--- Extracted information ---

(* Let $q$ be a prime power, $h\geq 4$, and let $\alpha\in\mathbb{F}_{q^h}\setminus\mathbb{F}_q$ with $\mathbb{F}_{q^h}=\mathbb{F}_q(\alpha)$. For $s,t\in\mathbb{F}_q$ let $f_{s,t}:\mathbb{F}_{q^h}\to\mathbb{F}_q$ be the $\mathbb{F}_q$-linear functional defined on the basis $1,\alpha,\dots,\alpha^{h-1}$ by $f_{s,t}(1)=1$, $f_{s,t}(\alpha^2)=s$, $f_{s,t}(\alpha^{h-1})=t$, and $f_{s,t}(\alpha^j)=0$ for all other $j\in\{1,\dots,h-2\}\setminus\{2\}$. Then there exist at least $q-1$ pairs $(s,t)\in\mathbb{F}_q^2$ such that $f=f_{s,t}$ and $\beta=1$ satisfy: (1) $f(\alpha/\beta)\neq 1$, and (2) for all $k\in\mathbb{F}_q$, $k\neq f\left(\frac{\alpha^2}{\beta}\right)+\left(f\left(\frac{\beta^2}{\alpha+k}\right)+k\right)f\left(\frac{\alpha}{\beta}\right)+k f\left(\frac{\beta^2}{\alpha+k}\right)f\left(\frac{1}{\beta}\right)$. *)

theory Defs
  imports "HOL-Computational_Algebra.Primes"
begin

definition is_subfield :: "'a::field set \<Rightarrow> bool" where
  "is_subfield S \<longleftrightarrow> 0 \<in> S \<and> 1 \<in> S \<and>
     (\<forall>x\<in>S. \<forall>y\<in>S. x + y \<in> S \<and> x * y \<in> S) \<and>
     (\<forall>x\<in>S. - x \<in> S) \<and> (\<forall>x\<in>S. x \<noteq> 0 \<longrightarrow> inverse x \<in> S)"

definition field_adjoin :: "'a::field set \<Rightarrow> 'a \<Rightarrow> 'a set" where
  "field_adjoin K \<alpha> = \<Inter>{S. is_subfield S \<and> K \<subseteq> S \<and> \<alpha> \<in> S}"

definition basis_functional ::
    "'a::field set \<Rightarrow> 'a \<Rightarrow> nat \<Rightarrow> (nat \<Rightarrow> 'a) \<Rightarrow> 'a \<Rightarrow> 'a" where
  "basis_functional K \<alpha> h v y =
     (THE z. \<exists>c. (\<forall>i<h. c i \<in> K) \<and> y = (\<Sum>i<h. c i * \<alpha> ^ i) \<and> z = (\<Sum>i<h. c i * v i))"

definition f_st :: "'a::field set \<Rightarrow> 'a \<Rightarrow> nat \<Rightarrow> 'a \<Rightarrow> 'a \<Rightarrow> 'a \<Rightarrow> 'a" where
  "f_st K \<alpha> h s t = basis_functional K \<alpha> h
     (\<lambda>j. if j = 0 then 1 else if j = 2 then s else if j = h - 1 then t else 0)"

end

theory Submission
  imports Defs "HOL-Computational_Algebra.Polynomial" "HOL-Library.FuncSet"
begin

text \<open>
  With \<open>\<beta> = 1\<close> we have \<open>f\<^sub>s\<^sub>,\<^sub>t(\<alpha>) = 0\<close> and \<open>f\<^sub>s\<^sub>,\<^sub>t(1) = 1\<close>, so condition (1) holds and
  condition (2) reads \<open>k \<noteq> s + k f\<^sub>s\<^sub>,\<^sub>t(1/(\<alpha>+k))\<close>. For \<open>k = 0\<close> this just says \<open>s \<noteq> 0\<close>.
  The coordinate of \<open>1/(\<alpha>+k)\<close> at \<open>\<alpha>^(h-1)\<close> is nonzero, since otherwise \<open>(\<alpha>+k)\<close> times a
  polynomial of degree \<open>< h-1\<close> in \<open>\<alpha>\<close> would be \<open>1\<close>, contradicting \<open>[K(\<alpha>):K] = h\<close>.
  Hence \<open>f\<^sub>s\<^sub>,\<^sub>t(1/(\<alpha>+k))\<close> is a non-constant affine function of \<open>t\<close>, and for fixed \<open>s \<noteq> 0\<close>
  each \<open>k \<noteq> 0\<close> excludes exactly one \<open>t\<close>. These are at most \<open>q - 1\<close> values, so some
  \<open>t \<in> K\<close> works for every \<open>s \<noteq> 0\<close>.
\<close>

lemma subfield_zero: "is_subfield S \<Longrightarrow> 0 \<in> S"
  and subfield_one: "is_subfield S \<Longrightarrow> 1 \<in> S"
  and subfield_add: "is_subfield S \<Longrightarrow> x \<in> S \<Longrightarrow> y \<in> S \<Longrightarrow> x + y \<in> S"
  and subfield_mult: "is_subfield S \<Longrightarrow> x \<in> S \<Longrightarrow> y \<in> S \<Longrightarrow> x * y \<in> S"
  and subfield_uminus: "is_subfield S \<Longrightarrow> x \<in> S \<Longrightarrow> - x \<in> S"
  by (simp_all add: is_subfield_def)

lemma subfield_inverse: "is_subfield S \<Longrightarrow> x \<in> S \<Longrightarrow> inverse x \<in> S"
  unfolding is_subfield_def by (cases "x = 0") auto

lemma subfield_diff: "is_subfield S \<Longrightarrow> x \<in> S \<Longrightarrow> y \<in> S \<Longrightarrow> x - y \<in> S"
  using subfield_add subfield_uminus by (metis diff_conv_add_uminus)

lemma subfield_divide: "is_subfield S \<Longrightarrow> x \<in> S \<Longrightarrow> y \<in> S \<Longrightarrow> x / y \<in> S"
  using subfield_mult subfield_inverse by (metis divide_inverse)

lemma subfield_sum:
  "is_subfield S \<Longrightarrow> (\<And>i. i \<in> A \<Longrightarrow> g i \<in> S) \<Longrightarrow> sum g A \<in> S"
  by (induction A rule: infinite_finite_induct) (auto intro: subfield_zero subfield_add)

lemma is_subfield_if_finite_subring:
  fixes S :: "'a::field set"
  assumes "finite S" "0 \<in> S" "1 \<in> S"
    and "\<And>x y. x \<in> S \<Longrightarrow> y \<in> S \<Longrightarrow> x + y \<in> S"
    and mult: "\<And>x y. x \<in> S \<Longrightarrow> y \<in> S \<Longrightarrow> x * y \<in> S"
    and "\<And>x. x \<in> S \<Longrightarrow> - x \<in> S"
  shows "is_subfield S"
  unfolding is_subfield_def
proof (intro conjI ballI impI)
  fix x assume x: "x \<in> S" "x \<noteq> 0"
  have "(\<lambda>y. x * y) ` S = S"
    using x mult \<open>finite S\<close> by (intro endo_inj_surj) (auto intro: inj_onI)
  then obtain y where "y \<in> S" "x * y = 1"
    using \<open>1 \<in> S\<close> by (metis imageE)
  then show "inverse x \<in> S"
    using x(2) by (metis inverse_unique)
qed (use assms in auto)

lemma field_adjoin_least:
  "is_subfield S \<Longrightarrow> K \<subseteq> S \<Longrightarrow> \<alpha> \<in> S \<Longrightarrow> field_adjoin K \<alpha> \<subseteq> S"
  unfolding field_adjoin_def by blast

lemma coeff_mult_in_subfield:
  assumes "is_subfield K" "\<And>i. coeff p i \<in> K" "\<And>i. coeff q i \<in> K"
  shows "coeff (p * q) n \<in> K"
  unfolding coeff_mult using assms by (auto intro: subfield_sum subfield_mult)

lemma ex_avoiding_affine_values:
  fixes a b :: "'b \<Rightarrow> 'a::field"
  assumes "finite A" "card A < card K" "\<forall>x\<in>A. b x \<noteq> 0"
  shows "\<exists>t\<in>K. \<forall>x\<in>A. a x + t * b x \<noteq> 0"
proof -
  define bad where "bad = (\<lambda>x. - a x / b x) ` A"
  have "card bad < card K"
    unfolding bad_def using card_image_le[OF \<open>finite A\<close>] assms(2) by (rule le_less_trans)
  then have "\<not> K \<subseteq> bad"
    using card_mono[of bad K] \<open>finite A\<close> by (auto simp: bad_def)
  then obtain t where t: "t \<in> K" "t \<notin> bad"
    by blast
  have "a x + t * b x \<noteq> 0" if "x \<in> A" for x
  proof
    assume "a x + t * b x = 0"
    then have "t = - a x / b x"
      using assms(3) that by (simp add: field_simps add_eq_0_iff)
    then show False
      using t(2) that unfolding bad_def by blast
  qed
  then show ?thesis
    using t(1) by blast
qed

definition power_span :: "'a::field set \<Rightarrow> 'a \<Rightarrow> nat \<Rightarrow> 'a set" where
  "power_span K \<alpha> n = {\<Sum>i<n. c i * \<alpha> ^ i | c. \<forall>i<n. c i \<in> K}"

lemma power_span_sumI: "\<forall>i<n. c i \<in> K \<Longrightarrow> (\<Sum>i<n. c i * \<alpha> ^ i) \<in> power_span K \<alpha> n"
  unfolding power_span_def by blast

lemma power_span_eq_image:
  "power_span K \<alpha> n = (\<lambda>c. \<Sum>i<n. c i * \<alpha> ^ i) ` (PiE {..<n} (\<lambda>_. K))"
  unfolding power_span_def
proof safe
  fix c assume "\<forall>i<n. c i \<in> K"
  then show "(\<Sum>i<n. c i * \<alpha> ^ i) \<in> (\<lambda>c. \<Sum>i<n. c i * \<alpha> ^ i) ` (PiE {..<n} (\<lambda>_. K))"
    by (intro image_eqI[where x = "restrict c {..<n}"]) auto
qed auto

lemma finite_power_span: "finite K \<Longrightarrow> finite (power_span K \<alpha> n)"
  by (simp add: power_span_eq_image finite_PiE)

lemma card_power_span_le: "finite K \<Longrightarrow> card (power_span K \<alpha> n) \<le> card K ^ n"
  unfolding power_span_eq_image
  using card_image_le[OF finite_PiE, of "{..<n}" "\<lambda>_. K" "\<lambda>c. \<Sum>i<n. c i * \<alpha> ^ i"]
  by (simp add: card_PiE)

context
  fixes K :: "'a::field set" and \<alpha> :: 'a
  assumes subfield_K: "is_subfield K"
begin

lemma power_span_zero: "0 \<in> power_span K \<alpha> n"
  using power_span_sumI[of n "\<lambda>_. 0" K \<alpha>] subfield_zero[OF subfield_K] by simp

---

# [What is required]
A word-for-word copy of the lines above from the one with "(\<forall>x\<in>S. \<forall>y\<in>S. x" through the one with "text \<open>", inclusive, is the only output wanted.

# [Response for this exercise]
     (\<forall>x\<in>S. \<forall>y\<in>S. x + y \<in> S \<and> x * y \<in> S) \<and>
     (\<forall>x\<in>S. - x \<in> S) \<and> (\<forall>x\<in>S. x \<noteq> 0 \<longrightarrow> inverse x \<in> S)"

definition field_adjoin :: "'a::field set \<Rightarrow> 'a \<Rightarrow> 'a set" where
  "field_adjoin K \<alpha> = \<Inter>{S. is_subfield S \<and> K \<subseteq> S \<and> \<alpha> \<in> S}"

definition basis_functional ::
    "'a::field set \<Rightarrow> 'a \<Rightarrow> nat \<Rightarrow> (nat \<Rightarrow> 'a) \<Rightarrow> 'a \<Rightarrow> 'a" where
  "basis_functional K \<alpha> h v y =
     (THE z. \<exists>c. (\<forall>i<h. c i \<in> K) \<and> y = (\<Sum>i<h. c i * \<alpha> ^ i) \<and> z = (\<Sum>i<h. c i * v i))"

definition f_st :: "'a::field set \<Rightarrow> 'a \<Rightarrow> nat \<Rightarrow> 'a \<Rightarrow> 'a \<Rightarrow> 'a \<Rightarrow> 'a" where
  "f_st K \<alpha> h s t = basis_functional K \<alpha> h
     (\<lambda>j. if j = 0 then 1 else if j = 2 then s else if j = h - 1 then t else 0)"

end

theory Submission
  imports Defs "HOL-Computational_Algebra.Polynomial" "HOL-Library.FuncSet"
begin

text \<open>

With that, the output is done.